Exercise aim ::
Give the entries again exactly, every one of them.

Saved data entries

======

lemma sum_Pow_qstirling_B_qfallD_expansion:
  assumes "finite A" "card A = Suc m"
  shows "(\<Sum>k\<le>Suc m. (\<Sum>T\<in>Pow A. qstirling_B q (card T) k) * qfallD (Suc m) q t k)
    = t ^ Suc m - qfallB q t (Suc m) + qfallB q t m * (t - qint q m)"
proof -
  have "(\<Sum>k\<le>m. (\<Sum>T\<in>Pow A. qstirling_B q (card T) k) * qfallB q t k) + qfallB q t (Suc m)
      = t ^ Suc m"
    using sum_Pow_qstirling_B_expansion[OF assms(1), of q t] sum_Pow_qstirling_B_card[OF assms(1), of q]
    unfolding assms(2) by simp
  then show ?thesis
    using sum_Pow_qstirling_B_card[OF assms(1), of q] unfolding sum_qfallD_Suc assms(2)
    by (simp add: algebra_simps)
qed

theorem proposition3p4:
  fixes n :: nat and t q :: complex
  assumes "q \<noteq> 0" and "qint q 2 \<noteq> 0"
  shows "t ^ n = (\<Sum>k=0..n. SD q n k * qfallD n q t k)
                 + of_nat n * (t - 1) ^ (n - 1)
                 - qint q n * q ^ (n - 1) * qfallD n q t (n - 1)"
proof (cases n)
  case 0
  then show ?thesis using SD_eq_sum_Pow_qstirling_B[OF assms] by (simp add: qfallD_def qint_def)
next
  case (Suc m)
  define S where "S k = (\<Sum>T\<in>Pow {1..int n}. qstirling_B q (card T) k)" for k
  have SD: "SD q n k = S k - of_nat n * qstirling_B q m k" for k
    using SD_eq_sum_Pow_qstirling_B[OF assms] Suc unfolding S_def by simp
  have "(\<Sum>k\<le>n. SD q n k * qfallD n q t k) =
      (\<Sum>k\<le>n. S k * qfallD n q t k) - of_nat n * (\<Sum>k\<le>n. qstirling_B q m k * qfallD n q t k)"
    unfolding SD left_diff_distrib sum_subtractf sum_distrib_left by (simp add: mult.assoc)
  also have "(\<Sum>k\<le>n. S k * qfallD n q t k) = t ^ n - qfallB q t n + qfallB q t m * (t - qint q m)"
    using sum_Pow_qstirling_B_qfallD_expansion[of "{1..int n}" m q t] Suc unfolding S_def by simp
  also have "(\<Sum>k\<le>n. qstirling_B q m k * qfallD n q t k) = (t - 1) ^ m"
    using qstirling_B_qfallD_expansion Suc by simp
  also have "qfallB q t n = qfallB q t m * (t - qint q m - q ^ m * qint q n)"
    using Suc qint_add[of q m "Suc m"] by (simp add: qfallB_Suc mult_2)
  finally show ?thesis using Suc by (simp add: atLeast0AtMost qfallD_eq_qfallB algebra_simps)
qed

======

Reply ::
lemma sum_Pow_qstirling_B_qfallD_expansion:
  assumes "finite A" "card A = Suc m"
  shows "(\<Sum>k\<le>Suc m. (\<Sum>T\<in>Pow A. qstirling_B q (card T) k) * qfallD (Suc m) q t k)
    = t ^ Suc m - qfallB q t (Suc m) + qfallB q t m * (t - qint q m)"
proof -
  have "(\<Sum>k\<le>m. (\<Sum>T\<in>Pow A. qstirling_B q (card T) k) * qfallB q t k) + qfallB q t (Suc m)
      = t ^ Suc m"
    using sum_Pow_qstirling_B_expansion[OF assms(1), of q t] sum_Pow_qstirling_B_card[OF assms(1), of q]
    unfolding assms(2) by simp
  then show ?thesis
    using sum_Pow_qstirling_B_card[OF assms(1), of q] unfolding sum_qfallD_Suc assms(2)
    by (simp add: algebra_simps)
qed

theorem proposition3p4:
  fixes n :: nat and t q :: complex
  assumes "q \<noteq> 0" and "qint q 2 \<noteq> 0"
  shows "t ^ n = (\<Sum>k=0..n. SD q n k * qfallD n q t k)
                 + of_nat n * (t - 1) ^ (n - 1)
                 - qint q n * q ^ (n - 1) * qfallD n q t (n - 1)"
proof (cases n)
  case 0
  then show ?thesis using SD_eq_sum_Pow_qstirling_B[OF assms] by (simp add: qfallD_def qint_def)
next
  case (Suc m)
  define S where "S k = (\<Sum>T\<in>Pow {1..int n}. qstirling_B q (card T) k)" for k
  have SD: "SD q n k = S k - of_nat n * qstirling_B q m k" for k
    using SD_eq_sum_Pow_qstirling_B[OF assms] Suc unfolding S_def by simp
  have "(\<Sum>k\<le>n. SD q n k * qfallD n q t k) =
      (\<Sum>k\<le>n. S k * qfallD n q t k) - of_nat n * (\<Sum>k\<le>n. qstirling_B q m k * qfallD n q t k)"
    unfolding SD left_diff_distrib sum_subtractf sum_distrib_left by (simp add: mult.assoc)
  also have "(\<Sum>k\<le>n. S k * qfallD n q t k) = t ^ n - qfallB q t n + qfallB q t m * (t - qint q m)"
    using sum_Pow_qstirling_B_qfallD_expansion[of "{1..int n}" m q t] Suc unfolding S_def by simp
  also have "(\<Sum>k\<le>n. qstirling_B q m k * qfallD n q t k) = (t - 1) ^ m"
    using qstirling_B_qfallD_expansion Suc by simp
  also have "qfallB q t n = qfallB q t m * (t - qint q m - q ^ m * qint q n)"
    using Suc qint_add[of q m "Suc m"] by (simp add: qfallB_Suc mult_2)
  finally show ?thesis using Suc by (simp add: atLeast0AtMost qfallD_eq_qfallB algebra_simps)
qed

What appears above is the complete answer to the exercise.